4. For each page, the scraper accurately extracted key product
details:

  -Product title

  -Price

  -Rating (number of stars)

  -Product URL

  -Image URL

  -Page number

5. Data from all pages was collected into a single list, confirming that no product data was overwritten or duplicated during pagination.

6. The scraper successfully stored the extracted data into two structured formats:

*   CSV file for spreadsheet-based analysis
*   JSON file for programmatic and API-based usage


7. The use of exception handling during page loading prevented runtime crashes and allowed the scraper to terminate gracefully once the last page was reached.

8. The overall execution confirmed that Playwright can reliably scrape dynamically paginated websites in a controlled testing environment.

**Conclusion**

The web scraping system was successfully implemented using Playwright with asynchronous Python programming to extract product data from a dynamic e-commerce website. The scraper efficiently navigated through multiple pages, identified product elements, and captured relevant information with high accuracy.

By exporting the scraped data into both CSV and JSON formats, the system ensures compatibility with data analysis tools, databases, and machine learning pipelines.
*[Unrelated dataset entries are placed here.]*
lemma tight_formula_step:
  assumes n: "n \<ge> 1" and j: "1 \<le> j" and k: "k \<ge> 1"
  shows "tight_formula (Suc n) k j - tight_formula n (k - 1) (j - 1)
           = tight_formula n k j + (tight_formula (Suc n) k (Suc j) - tight_formula n (k - 1) j)"
proof (cases k j rule: linorder_cases)
  case less
  then show ?thesis unfolding tight_formula_def by auto
next
  case equal
  define X where "X = real (n choose (k - 1))"
  have "tight_formula (Suc n) k j = real k / real (Suc n) * real (Suc n choose k)"
    "tight_formula n k j = real k / real n * real (n choose k)"
    "tight_formula (Suc n) k (Suc j) = 0"
    "tight_formula n (k - 1) (j - 1) = (real k - 1) / real n * X"
    "tight_formula n (k - 1) j = 0"
    using equal j by (simp_all add: tight_formula_def X_def of_nat_diff le_diff_conv2)
  moreover have "real (Suc n choose k) = real (Suc n) * X / real k"
    "real (n choose k) = (real n + 1 - real k) * X / real k"
    unfolding X_def by (rule real_Suc_choose[OF k], rule real_choose_eq_pred[OF k])
  moreover have "real k \<noteq> 0" "real n \<noteq> 0" "real (Suc n) \<noteq> 0" using n k by auto
  ultimately show ?thesis by (simp only:) (simp add: field_simps del: of_nat_Suc)
next
  case greater
  then show ?thesis using tight_formula_step_lt[OF n j] by simp
qed

lemma tight_formula_beyond:
  assumes "Suc n < j" "k \<ge> 1"
  shows "tight_formula (Suc n) k j = 0" "tight_formula n (k - 1) (j - 1) = 0"
  using assms by (auto simp: tight_formula_def binomial_eq_0)

lemma sum_tight_formula:
  assumes n: "n \<ge> 1" and k: "k \<ge> 1" and j: "j \<ge> 1"
  shows "(\<Sum>v\<in>{j..n}. tight_formula n k v) = tight_formula (Suc n) k j - tight_formula n (k - 1) (j - 1)"
proof (cases "j \<le> Suc n")
  case True
  then show ?thesis
    using j
  proof (induction j rule: inc_induct)
    case base
    have "tight_formula (Suc n) k (Suc n) = tight_formula n (k - 1) n"
      using n by (cases k "Suc n" rule: linorder_cases) (auto simp: tight_formula_def binomial_eq_0)
    then show ?case by simp
  next
    case (step m)
    have "{m..n} = insert m {Suc m..n}" using step.hyps by auto
    then have "(\<Sum>v\<in>{m..n}. tight_formula n k v) = tight_formula n k m + (\<Sum>v\<in>{Suc m..n}. tight_formula n k v)"
      by simp
    also have "\<dots> = tight_formula (Suc n) k m - tight_formula n (k - 1) (m - 1)"
      using step tight_formula_step[OF n _ k, of m] by simp
    finally show ?case .
  qed
qed (use tight_formula_beyond k in simp)

lemma tight_count_eq_tight_formula:
  "real (tight_count (Suc n) k v) = tight_formula (Suc n) k v"
proof (induction n arbitrary: k v)
  case 0
  show ?case
  proof (cases "k = 0 \<or> v = 0")
    case False
    then show ?thesis
      by (auto simp: tight_count_Suc tight_count_0 tight_formula_def binomial_eq_0 le_Suc_eq)
  qed (auto simp: tight_count_Suc_eq_0 tight_formula_def)
next
  case (Suc n)
  show ?case
  proof (cases "k = 0 \<or> v = 0")
    case False
    then have "tight_count (Suc (Suc n)) k v
        = (\<Sum>w\<in>{v..Suc n}. tight_count (Suc n) k w) + tight_count (Suc n) (k - 1) (v - 1)"
      by (intro tight_count_Suc) auto
    then have "real (tight_count (Suc (Suc n)) k v)
        = (\<Sum>w\<in>{v..Suc n}. tight_formula (Suc n) k w) + tight_formula (Suc n) (k - 1) (v - 1)"
      by (simp only: of_nat_add of_nat_sum Suc.IH)
    also have "(\<Sum>w\<in>{v..Suc n}. tight_formula (Suc n) k w)
        = tight_formula (Suc (Suc n)) k v - tight_formula (Suc n) (k - 1) (v - 1)"
      using False by (intro sum_tight_formula) auto
    finally show ?thesis by simp
  qed (auto simp: tight_count_Suc_eq_0 tight_formula_def)
qed

lemma tight_formula_eq_narayana:
  assumes "1 \<le> k" "k \<le> n"
  shows "tight_formula (Suc n) k 1 = narayana k n"
proof -
  have "(real (Suc n) - real 1 - 1) gchoose (k - 1) = real ((n - 1) choose (k - 1))"
    using assms by (simp add: binomial_gbinomial of_nat_diff)
  then have t: "tight_formula (Suc n) k 1
      = 1 / real (Suc n) * real (Suc n choose k) * real ((n - 1) choose (k - 1))"
    unfolding tight_formula_def using assms by simp
  have "k * (n choose k) = n * ((n - 1) choose (k - 1))"
    using times_binomial_minus1_eq[of k n] assms by simp
  then have c: "real (n choose k) = real n * real ((n - 1) choose (k - 1)) / real k"
    using assms by (simp add: field_simps flip: of_nat_mult)
  have "real k \<noteq> 0" "real n \<noteq> 0" using assms by auto
  then show ?thesis
    unfolding t real_Suc_choose[OF assms(1)] narayana_def c by (simp add: field_simps del: of_nat_Suc)
qed

lemma card_tight_eq_narayana:
  assumes "1 \<le> k" "k \<le> n"
  shows "real (card {\<pi>. \<pi> permutes {1..n} \<and> deficiency n \<pi> = 0 \<and> card (weak_excedences n \<pi>) = k})
           = narayana k n"
proof -
  obtain m where n: "n = Suc m" using assms by (cases n) auto
  have "real (card {\<pi>. \<pi> permutes {1..n} \<and> deficiency n \<pi> = 0 \<and> card (weak_excedences n \<pi>) = k})
      = (\<Sum>v\<in>{0..n}. real (tight_count n k v))"
    using card_tight_admissible_ge[of n k 0] by simp
  also have "\<dots> = tight_formula n k 0 + (\<Sum>v\<in>{1..n}. tight_formula n k v)"
    unfolding n tight_count_eq_tight_formula by (simp add: atLeast0_atMost_Suc_eq_insert_0 sum.atLeast_Suc_atMost)
  also have "\<dots> = tight_formula (Suc n) k 1"
    using sum_tight_formula[of n k 1] assms by (simp add: tight_formula_def)
  finally show ?thesis using tight_formula_eq_narayana[OF assms] by simp
qed

theorem mainTheorem14:
  fixes k n :: nat
  assumes "1 \<le> k" and "k \<le> n"
  shows "(\<forall>\<pi>. \<pi> permutes {1..n} \<and> card (weak_excedences n \<pi>) = k
            \<longrightarrow> num_alignments n \<pi> \<le> (k - 1) * (n - k))
       \<and> (\<exists>\<pi>. \<pi> permutes {1..n} \<and> card (weak_excedences n \<pi>) = k
            \<and> num_alignments n \<pi> = (k - 1) * (n - k))
       \<and> real (card {\<pi>. \<pi> permutes {1..n} \<and> card (weak_excedences n \<pi>) = k
            \<and> num_alignments n \<pi> = (k - 1) * (n - k)}) = narayana k n"
proof -
  have deficiency_eq: "deficiency n \<pi> = int ((k - 1) * (n - k)) - int (num_alignments n \<pi>)"
    if "\<pi> permutes {1..n}" "card (weak_excedences n \<pi>) = k" for \<pi>
    using that assms by (simp add: deficiency_def num_alignments_eq_alignment_count of_nat_diff)
  have bound: "num_alignments n \<pi> \<le> (k - 1) * (n - k)"
    if "\<pi> permutes {1..n}" "card (weak_excedences n \<pi>) = k" for \<pi>
    using deficiency_eq[OF that] deficiency_nonneg[OF that(1)] by linarith
  have "num_alignments n \<pi> = (k - 1) * (n - k) \<longleftrightarrow> deficiency n \<pi> = 0"
    if "\<pi> permutes {1..n}" "card (weak_excedences n \<pi>) = k" for \<pi>
    using deficiency_eq[OF that] by (auto simp del: of_nat_mult)
  then have "{\<pi>. \<pi> permutes {1..n} \<and> card (weak_excedences n \<pi>) = k \<and> num_alignments n \<pi> = (k - 1) * (n - k)}
      = {\<pi>. \<pi> permutes {1..n} \<and> deficiency n \<pi> = 0 \<and> card (weak_excedences n \<pi>) = k}"
    by blast
  then have count: "real (card {\<pi>. \<pi> permutes {1..n} \<and> card (weak_excedences n \<pi>) = k
                                 \<and> num_alignments n \<pi> = (k - 1) * (n - k)}) = narayana k n"
    using card_tight_eq_narayana[OF assms] by simp
  moreover have "narayana k n > 0" using assms by (simp add: narayana_def)
  ultimately have "card {\<pi>. \<pi> permutes {1..n} \<and> card (weak_excedences n \<pi>) = k
                          \<and> num_alignments n \<pi> = (k - 1) * (n - k)} \<noteq> 0"
    by auto
  then have "{\<pi>. \<pi> permutes {1..n} \<and> card (weak_excedences n \<pi>) = k
               \<and> num_alignments n \<pi> = (k - 1) * (n - k)} \<noteq> {}"
    by (metis card.empty)
  then show ?thesis using bound count by blast
qed

end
The implementation demonstrates that Playwright is a robust and scalable solution for scraping JavaScript-rendered websites where traditional HTTP-based scraping tools may fail.

Overall, the project validates the effectiveness of asynchronous browser automation for real-world data extraction tasks and provides a strong foundation for extending the scraper to include additional product attributes, categories, or automated data processing workflows.